The way that Historians present arguments and historical detail varies quite considerably. Historians would answer this

question in terms of different time frames. To demonstrate this, think of the metaphor of using a pair of binoculars - to

get an idea of individual events and how they connect to other events sometimes requires looking at something very

closely. By contrast, to achieve a historical overview, means sometimes looking at things from a distance, enabling you to

take in more factors. In this respect, when analysing 'the reasons' why something took place, Historians tend to answer

this question in terms of long and short-term reasons.

As a subject, there are many different 'angles' to history. These include: Political, Economic, Social, Biographical,

Chronological, Technological

Andrew Marr's video gives us an overview not only of reasons why Hitler came to Power in post-war Germany though also

the different types of historical enquiry that could be drawn upon in order to answer this question.
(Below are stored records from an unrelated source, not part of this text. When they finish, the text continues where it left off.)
definition folner_inn_X :: "('a \<Rightarrow> 'a \<Rightarrow> 'a \<Rightarrow> nat) \<Rightarrow> ('a \<Rightarrow> real) \<Rightarrow> 'a set \<Rightarrow> real" where
  "folner_inn_X N d X = Inf {dsize d (inner_boundary N X A) / dsize d A | A. finite A \<and> A \<noteq> {}}"

definition folner_inn :: "'a \<Rightarrow> ('a \<Rightarrow> 'a) \<Rightarrow> ('a \<Rightarrow> 'a \<Rightarrow> 'a \<Rightarrow> nat) \<Rightarrow> ('a \<Rightarrow> real) \<Rightarrow> real" where
  "folner_inn e bar N d = Inf {folner_inn_X N d X | X. fgen_set e bar N X}"

end

theory Submission
  imports Defs
begin

(* Let B(n) be the ball of radius n for the word length of X. Since |supp(a b)| <= (d(a) d(b))^2,
   the sizes |B(n)| are submultiplicative and at least 1, so by Fekete's lemma |B(n)|^(1/n)
   converges to omega_X. Multiplying an element of B(n) by a generator on the right stays in B(n+1),
   so the inner boundary of B(n+1) lies in B(n+1) - B(n) and Fol_X <= 1 - |B(n)|/|B(n+1)|.
   Iterating gives |B(n)| >= (1 - Fol_X)^(-n), and taking n-th roots, 1/(1 - Fol_X) <= omega_X.
   The second inequality follows by taking infima over X, as t -> 1 - 1/t is increasing and
   continuous. *)

lemma sum_UN_le:
  fixes f :: "'b \<Rightarrow> 'c::ordered_ab_group_add"
  assumes "finite I" "\<And>i. i \<in> I \<Longrightarrow> finite (A i)" "\<And>x. 0 \<le> f x"
  shows "sum f (\<Union>i\<in>I. A i) \<le> (\<Sum>i\<in>I. sum f (A i))"
  using assms(1,2)
proof (induction I rule: finite_induct)
  case (insert i I)
  have "sum f (A i \<union> (\<Union>j\<in>I. A j)) \<le> sum f (A i) + sum f (\<Union>j\<in>I. A j)"
    using insert assms(3) by (simp add: sum_Un sum_nonneg)
  also have "\<dots> \<le> sum f (A i) + (\<Sum>j\<in>I. sum f (A j))"
    using insert by (intro add_left_mono) auto
  finally show ?case using insert by simp
qed simp

lemma subadditive_mult_add_le:
  fixes a :: "nat \<Rightarrow> real"
  assumes "\<And>m n. a (m + n) \<le> a m + a n"
  shows "a (q * m + r) \<le> q * a m + a r"
proof (induction q)
  case (Suc q)
  have "a (m + (q * m + r)) \<le> a m + (q * a m + a r)"
    using assms[of m "q * m + r"] Suc by linarith
  then show ?case by (simp add: algebra_simps)
qed simp

lemma subadditive_div_le:
  fixes a :: "nat \<Rightarrow> real"
  assumes sub: "\<And>m n. a (m + n) \<le> a m + a n" and nonneg: "\<And>n. 0 \<le> a n"
    and "0 < m" "0 < n"
  shows "a n / n \<le> a m / m + (\<Sum>k<m. a k) / n"
proof -
  have "a n = a (n div m * m + n mod m)"
    by simp
  also have "\<dots> \<le> (n div m) * a m + a (n mod m)"
    by (rule subadditive_mult_add_le[of a, OF sub])
  also have "real (n div m) * a m \<le> n / m * a m"
  proof (intro mult_right_mono)
    have "real (n div m) * m \<le> n"
      by (metis of_nat_le_iff of_nat_mult div_times_less_eq_dividend)
    then show "real (n div m) \<le> n / m"
      using \<open>0 < m\<close> by (simp add: le_divide_eq)
  qed (rule nonneg)
  also have "a (n mod m) \<le> (\<Sum>k<m. a k)"
    using nonneg \<open>0 < m\<close> by (intro member_le_sum) simp_all
  finally have "a n / n \<le> (n / m * a m + (\<Sum>k<m. a k)) / n"
    by (simp add: divide_right_mono)
  also have "\<dots> = a m / m + (\<Sum>k<m. a k) / n"
    using \<open>0 < n\<close> by (simp add: add_divide_distrib)
  finally show ?thesis .
qed

lemma Fekete_subadditive:
  fixes a :: "nat \<Rightarrow> real"
  assumes sub: "\<And>m n. a (m + n) \<le> a m + a n" and nonneg: "\<And>n. 0 \<le> a n"
  shows "(\<lambda>n. a n / n) \<longlonglongrightarrow> Inf ((\<lambda>n. a n / n) ` {0<..})"
proof -
  define L where "L = Inf ((\<lambda>n. a n / n) ` {0<..})"
  have bdd: "bdd_below ((\<lambda>n. a n / n) ` {0<..})"
    using nonneg by (intro bdd_belowI[of _ 0]) auto
  have "(\<lambda>n. a n / n) \<longlonglongrightarrow> L"
  proof (rule order_tendstoI)
    fix y
    assume "y < L"
    show "\<forall>\<^sub>F n in sequentially. y < a n / n"
      using eventually_gt_at_top[of 0]
    proof eventually_elim
      case (elim n)
      then have "L \<le> a n / n"
        unfolding L_def by (intro cInf_lower[OF _ bdd]) auto
      with \<open>y < L\<close> show ?case
        by simp
    qed
  next
    fix y
    assume "L < y"
    then obtain m where m: "0 < m" "a m / m < y"
      unfolding L_def by (subst (asm) cInf_less_iff[OF _ bdd]) auto
    have "(\<lambda>n. (\<Sum>k<m. a k) / real n) \<longlonglongrightarrow> 0"
      by (rule lim_const_over_n)
    then have "\<forall>\<^sub>F n in sequentially. (\<Sum>k<m. a k) / n < y - a m / m"
      using m(2) order_tendstoD(2)[of _ 0 sequentially "y - a m / m"] by simp
    then show "\<forall>\<^sub>F n in sequentially. a n / n < y"
      using eventually_gt_at_top[of 0]
    proof eventually_elim
      case (elim n)
      then show ?case
        using subadditive_div_le[of a, OF sub nonneg \<open>0 < m\<close>, of n] by linarith
    qed
  qed
  then show ?thesis
    unfolding L_def .
qed

lemma submultiplicative_root_convergent:
  fixes b :: "nat \<Rightarrow> real"
  assumes ge1: "\<And>n. 1 \<le> b n" and sub: "\<And>m n. b (m + n) \<le> b m * b n"
  shows "convergent (\<lambda>n. root n (b n))"
proof -
  have pos: "0 < b n" for n
    using ge1[of n] by simp
  have "ln (b (m + n)) \<le> ln (b m) + ln (b n)" for m n
  proof -
    have "ln (b (m + n)) \<le> ln (b m * b n)"
      using sub[of m n] pos by simp
    then show ?thesis
      using pos[of m] pos[of n] by (auto simp: ln_mult)
  qed
  moreover have "0 \<le> ln (b n)" for n
    using ge1[of n] by simp
  ultimately have "(\<lambda>n. exp (ln (b n) / n)) \<longlonglongrightarrow> exp (Inf ((\<lambda>n. ln (b n) / n) ` {0<..}))"
    by (rule tendsto_exp[OF Fekete_subadditive])
  moreover have "\<forall>\<^sub>F n in sequentially. exp (ln (b n) / n) = root n (b n)"
    using eventually_gt_at_top[of 0]
  proof eventually_elim
    case (elim n)
    then show ?case
      using pos[of n] by (simp add: root_powr_inverse powr_def)
  qed
  ultimately have "(\<lambda>n. root n (b n)) \<longlonglongrightarrow> exp (Inf ((\<lambda>n. ln (b n) / n) ` {0<..}))"
    by (rule Lim_transform_eventually)
  then show ?thesis
    by (rule convergentI)
qed

lemma one_le_mult_lim_root:
  fixes b :: "nat \<Rightarrow> real"
  assumes "b 0 = 1" and pos: "\<And>n. 0 < b n" and step: "\<And>n. b n \<le> q * b (Suc n)"
    and lim: "(\<lambda>n. root n (b n)) \<longlonglongrightarrow> w"
  shows "1 \<le> q * w"
proof -
  have "1 \<le> q * b (Suc 0)"
    using step[of 0] \<open>b 0 = 1\<close> by simp
  then have "0 < q"
    using pos[of "Suc 0"] by (smt (verit) mult_nonpos_nonneg)
  have pow: "1 \<le> q ^ n * b n" for n
  proof (induction n)
    case (Suc n)
    have "q ^ n * b n \<le> q ^ n * (q * b (Suc n))"
      using step[of n] \<open>0 < q\<close> by (simp add: mult_left_mono)
    with Suc show ?case by (simp add: algebra_simps)
  qed (simp add: \<open>b 0 = 1\<close>)
  have "(\<lambda>n. q * root n (b n)) \<longlonglongrightarrow> q * w"
    by (intro tendsto_mult_left lim)
  moreover have "1 \<le> q * root n (b n)" if "0 < n" for n
  proof -
    have "1 \<le> root n (q ^ n * b n)"
      using pow[of n] that by simp
    also have "\<dots> = q * root n (b n)"
      using that \<open>0 < q\<close> by (simp add: real_root_mult real_root_pos2)
    finally show ?thesis .
  qed
  ultimately show ?thesis
    by (intro LIMSEQ_le_const) (auto intro!: exI[of _ 1])
qed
Have a watch and see if you can identify the different factors that he uses as the basis of his evidence relating to the rise

of Hitler.

Biographical factors - Hitler fought in the trenches in World War 1 - was noted to be volatile and a 'loner' by nature. He

was also noted to lack 'leadership skills' though as the video demonstrates had quite an extraordinary amount of 'self-

certainty'. This extended to envisioning a German Empire focussed in the first instance on conquering Europe.

Hitler’s autobiography ‘Mein Kampf’ set out his vision for how to advance Germany ‘based on the violent creation of a

new German Empire in Europe; the destruction of Europe’s Jews which is all laid out in black and white’ (Marr)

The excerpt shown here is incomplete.